The former finance minister, P. Chidambaram, observed that in the demonetization movement, the RBI earned Rs 16,000 crore, but lost Rs 21,000 crore in the printing of new notes. Former Reserve Bank of India Governor Raghuram Rajan had said he had warned the government about the short-term costs of demonetization that outweigh the long-term benefits, and suggested ‘alternatives’ to achieve the goal of eradicate black money. Kaushik Basu, India’s former chief economic adviser, explained the government’s demonetization movement, describing it as ‘a big mistake’, which was a big shock and led to a slowdown in the country’s growth rate. ‘
But, on the other hand, data show that the step of demonetization has led to tax reforms in India. This is a sign that people are leaning towards white money. The direct tax collection has increased drastically after 2016, thanks to the Income Statement and demonetization Plan. The direct collection of taxes has improved in the last two years, according to the Income Statement Plan and demonetization, according to a Crisil report. ‘This indicates a significant increase in the number of new income taxpayers,’
What is interesting to note is that direct tax collection increased even when GDP growth slowed in FY17 and FY18. The income tax growth increased from 8.2% in FY16 to 26.8% in FY17 and 21.0% in FY18. The growth of the corporate tax in the corresponding years was 5.7%, 7.0% and 16.3%, respectively.
The demonetization of Rs.500 and Rs.1000 notes on November 8, 2016 has become a matter of intense debate. Many countries have interrupted the production of high-value banknotes because they are often used for money laundering and organized crime. The demonetization of India is considerably different from the elimination of high-value notes, since in other countries, elimination generally involves stopping the production of high-value notes and asking banks to return such notes for destruction by the government. central bank. But in the case of India, high-value notes are still legal.
The constitutional gaps indicated by many of the juridical fraternity can also be challenged. The claim that the demonetization campaign contravenes freedom of commerce and commerce under Article 19 (1) (g) of the Constitution of India is a misleading notion for the precise reason that this freedom is subject to restrictions on The liberties of that article 19 of the Constitution of India entails. Any freedom guaranteed by article 19 may be limited to the general public interest. Another constitutional provision that has allegedly been violated is the right to property under Article 300-A and it is quite clear that there is no deprivation of property as such, but only of property that has been illegally acquired. This can be recognized as an equitable restriction.
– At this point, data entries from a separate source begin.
lemma lyn_mon_independent:
  assumes fin: "finite {w. c w \<noteq> 0}"
    and lyn: "\<forall>w. c w \<noteq> 0 \<longrightarrow> lyndon w \<and> distinct w"
    and zero: "rl_eq (lyn_comb c) (\<lambda>_. 0)"
  shows "c w = 0"
proof (rule ccontr)
  let ?S = "{w. c w \<noteq> 0}"
  assume "c w \<noteq> 0"
  then have "?S \<noteq> {}" by auto
  define w0 where "w0 = Min ?S"
  have w0: "w0 \<in> ?S" "\<And>x. x \<in> ?S \<Longrightarrow> w0 \<le> x"
    unfolding w0_def using fin \<open>?S \<noteq> {}\<close> by (rule Min_in, simp add: fin)
  have coeff: "c x * assoc_poly (lyn_mon x) w0 = (if x = w0 then c x else 0)" if "x \<in> ?S" for x
  proof -
    have "leading_word x (assoc_poly (lyn_mon x))"
      using lyn that by (simp add: leading_word_lyn_mon)
    then show ?thesis using w0(2)[OF that] by (auto simp: leading_word_def)
  qed
  have "0 = assoc_poly (comb lyn_mon c) w0"
    using rl_eq_assoc_poly[OF zero[unfolded lyn_comb_eq_comb] fin_supp_comb[OF fin fin_supp_lyn_mon]
        fin_supp_zero] lyn w0(1)
    by (simp add: assoc_poly_zero)
  also have "\<dots> = (\<Sum>x\<in>?S. if x = w0 then c x else 0)"
    using coeff by (simp add: assoc_poly_comb[OF fin fin_supp_lyn_mon])
  also have "\<dots> = c w0" using fin w0(1) by simp
  finally show False using w0(1) by simp
qed

section \<open>Left-normed brackets\<close>

text \<open>\<open>lnorm [y\<^sub>1, \<dots>, y\<^sub>k]\<close> is \<open>[[y\<^sub>1, y\<^sub>2], \<dots>, y\<^sub>k]\<close>; its value at \<open>[]\<close> is junk and never used.\<close>

definition lnorm :: "'a list \<Rightarrow> 'a btree \<Rightarrow> int" where
  "lnorm w = foldl (\<lambda>p y. mmul p (gen y)) (gen (hd w)) (tl w)"

lemma lnorm_single: "lnorm [y] = gen y"
  by (simp add: lnorm_def)

lemma lnorm_snoc: "w \<noteq> [] \<Longrightarrow> lnorm (w @ [c]) = mmul (lnorm w) (gen c)"
  by (cases w) (simp_all add: lnorm_def)

lemma fin_supp_lnorm: "fin_supp (lnorm w)"
proof -
  have "fin_supp (foldl (\<lambda>p y. mmul p (gen y)) p ys)" if "fin_supp p" for p :: "'a btree \<Rightarrow> int" and ys
    using that by (induction ys arbitrary: p) (simp_all add: fin_supp_mmul fin_supp_gen)
  then show ?thesis by (simp add: lnorm_def fin_supp_gen)
qed

lemma in_span_lnorm_mmul_gen:
  assumes "in_span lnorm S x" "[] \<notin> S"
  shows "in_span lnorm ((\<lambda>w. w @ [c]) ` S) (mmul x (gen c))"
proof (rule in_span_mmul_right[OF assms(1) fin_supp_gen])
  fix w assume w: "w \<in> S"
  then have "mmul (lnorm w) (gen c) = lnorm (w @ [c])"
    using assms(2) by (metis lnorm_snoc)
  then show "in_span lnorm ((\<lambda>w. w @ [c]) ` S) (mmul (lnorm w) (gen c))"
    using w by (simp add: in_span_basis)
qed

lemma in_span_lnorm_append:
  assumes "in_span lnorm S (lnorm p)" "p \<noteq> []" "[] \<notin> S"
  shows "in_span lnorm ((\<lambda>w. w @ b) ` S) (lnorm (p @ b))"
proof (induction b rule: rev_induct)
  case Nil
  then show ?case using assms(1) by simp
next
  case (snoc c b)
  have "[] \<notin> (\<lambda>w. w @ b) ` S" using assms(3) by auto
  with snoc have "in_span lnorm ((\<lambda>w. w @ [c]) ` (\<lambda>w. w @ b) ` S) (mmul (lnorm (p @ b)) (gen c))"
    by (rule in_span_lnorm_mmul_gen)
  moreover have "lnorm (p @ b @ [c]) = mmul (lnorm (p @ b)) (gen c)"
    using lnorm_snoc[of "p @ b" c] assms(2) by simp
  ultimately show ?case by (simp add: image_image)
qed

lemma mmul_lnorm_in_span:
  assumes "u \<noteq> []" "v \<noteq> []"
  shows "in_span lnorm {u @ v' | v'. mset v' = mset v} (mmul (lnorm u) (lnorm v))"
  using assms
proof (induction v arbitrary: u rule: rev_induct)
  case Nil
  then show ?case by simp
next
  case (snoc c v)
  let ?T = "{u @ v' | v'. mset v' = mset (v @ [c])}"
  show ?case
  proof (cases "v = []")
    case True
    then have "mmul (lnorm u) (lnorm (v @ [c])) = lnorm (u @ [c])"
      using snoc.prems by (simp add: lnorm_single lnorm_snoc)
    moreover have "u @ [c] \<in> ?T" using True by auto
    ultimately show ?thesis by (simp add: in_span_basis)
  next
    case False
    have jacobi: "rl_eq (mmul (lnorm u) (lnorm (v @ [c])))
        (\<lambda>t. mmul (mmul (lnorm u) (lnorm v)) (gen c) t - mmul (lnorm (u @ [c])) (lnorm v) t)"
      using rl_eq_jacobi[of "lnorm u" "lnorm v" "gen c"] False snoc.prems
      by (simp add: lnorm_snoc fin_supp_lnorm fin_supp_gen)
    have "in_span lnorm ((\<lambda>w. w @ [c]) ` {u @ v' | v'. mset v' = mset v})
        (mmul (mmul (lnorm u) (lnorm v)) (gen c))"
      using snoc.IH[OF snoc.prems(1) False] by (rule in_span_lnorm_mmul_gen) (use snoc.prems in auto)
    moreover have "in_span lnorm {(u @ [c]) @ v' | v'. mset v' = mset v} (mmul (lnorm (u @ [c])) (lnorm v))"
      using False by (intro snoc.IH) auto
    moreover have "(\<lambda>w. w @ [c]) ` {u @ v' | v'. mset v' = mset v} \<subseteq> ?T"
      by (force intro: exI[of _ "v' @ [c]" for v'])
    moreover have "{(u @ [c]) @ v' | v'. mset v' = mset v} \<subseteq> ?T"
      by (force intro: exI[of _ "c # v'" for v'])
    ultimately show ?thesis using jacobi by (blast intro: in_span_rl_eq in_span_diff in_span_mono)
  qed
qed

lemma in_span_mmul_permutations:
  assumes "in_span lnorm (permutations_of_multiset M) x" "in_span lnorm (permutations_of_multiset N) y"
    and "M \<noteq> {#}" "N \<noteq> {#}" "fin_supp y"
  shows "in_span lnorm (permutations_of_multiset (M + N)) (mmul x y)"
proof (rule in_span_mmul_right[OF assms(1,5)])
  fix u assume u: "u \<in> permutations_of_multiset M"
  show "in_span lnorm (permutations_of_multiset (M + N)) (mmul (lnorm u) y)"
  proof (rule in_span_mmul_left[OF assms(2) fin_supp_lnorm])
    fix v assume v: "v \<in> permutations_of_multiset N"
    have "u \<noteq> []" "v \<noteq> []" using u v assms(3,4) by (auto simp: permutations_of_multiset_def)
    from mmul_lnorm_in_span[OF this]
    show "in_span lnorm (permutations_of_multiset (M + N)) (mmul (lnorm u) (lnorm v))"
      by (rule in_span_mono) (use u v in \<open>auto simp: permutations_of_multiset_def\<close>)
  qed
qed

definition tree_basis :: "'a btree \<Rightarrow> 'a btree \<Rightarrow> int" where
  "tree_basis t = (\<lambda>s. if s = t then 1 else 0)"

fun leaves :: "'a btree \<Rightarrow> 'a list" where
  "leaves (Leaf y) = [y]"
| "leaves (Br s t) = leaves s @ leaves t"

lemma leaves_nonempty: "leaves t \<noteq> []"
  by (induction t) auto

lemma length_leaves: "length (leaves t) = nleaves t"
  by (induction t) auto

lemma tree_basis_Leaf: "tree_basis (Leaf y) = gen y"
  by (simp add: tree_basis_def gen_def fun_eq_iff)

lemma tree_basis_Br: "tree_basis (Br s t) = mmul (tree_basis s) (tree_basis t)"
  by (simp add: tree_basis_def mmul_def fun_eq_iff split: btree.split)

lemma fin_supp_tree_basis: "fin_supp (tree_basis t)"
  by (simp add: fin_supp_def tree_basis_def)

lemma homog_tree_basis: "homog (nleaves t) (tree_basis t)"
  unfolding homog_def by (simp add: fin_supp_tree_basis) (simp add: tree_basis_def)

lemma tree_basis_expansion: "fin_supp x \<Longrightarrow> x = (\<lambda>s. \<Sum>t\<in>supp x. x t * tree_basis t s)"
  by (rule ext) (simp add: tree_basis_def supp_def fin_supp_def if_distrib cong: if_cong)

lemma lyn_mon_tree_basis: "w \<noteq> [] \<Longrightarrow> \<exists>t. lyn_mon w = tree_basis t \<and> leaves t = w"
proof (induction w rule: std_induct)
  case (letter y)
  show ?case by (rule exI[of _ "Leaf y"]) (simp add: lyn_mon_letter tree_basis_Leaf)
next
  case (std w)
  then obtain s t where "lyn_mon (std_fst w) = tree_basis s" "leaves s = std_fst w"
    "lyn_mon (std_snd w) = tree_basis t" "leaves t = std_snd w" by blast
  then show ?case using std_factorization(1)[OF std.hyps(1)]
    by (intro exI[of _ "Br s t"]) (simp add: lyn_mon_std[OF std.hyps(1)] tree_basis_Br)
qed

lemma tree_basis_in_span_lnorm:
  "in_span lnorm (permutations_of_multiset (mset (leaves t))) (tree_basis t)"
proof (induction t)
  case (Leaf y)
  have "tree_basis (Leaf y) = lnorm [y]" by (simp add: tree_basis_Leaf lnorm_single)
  then show ?case by (simp add: in_span_basis permutations_of_multiset_def)
next
  case (Br s t)
  then show ?case
    unfolding tree_basis_Br leaves.simps mset_append
    by (intro in_span_mmul_permutations) (simp_all add: leaves_nonempty fin_supp_tree_basis)
qed

lemma lyn_mon_in_span_lnorm:
  "w \<noteq> [] \<Longrightarrow> in_span lnorm (permutations_of_multiset (mset w)) (lyn_mon w)"
  using lyn_mon_tree_basis tree_basis_in_span_lnorm by metis

lemma rnorm_Cons: "ys \<noteq> [] \<Longrightarrow> rnorm (y # ys) = mmul (gen y) (rnorm ys)"
  by (cases ys) simp_all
The main legal issue was with respect to the responsibility of the Center and the Reserve Bank of India for the exchange of the demonetized Rs. 500 and Rs. 1000 notes Finally, this has been established with the approval of the Ordinance of Bank Notes Specified (Cessation of Responsibilities), 2016, which establishes the possession of Rs. 500 and Rs. 1000 notes, beyond a court, a criminal offense that imposes a penalty of up to Rs. 10,000.
Demonetization is one of the most important reasons for the tax reforms that lead to strengthening the Indian economy.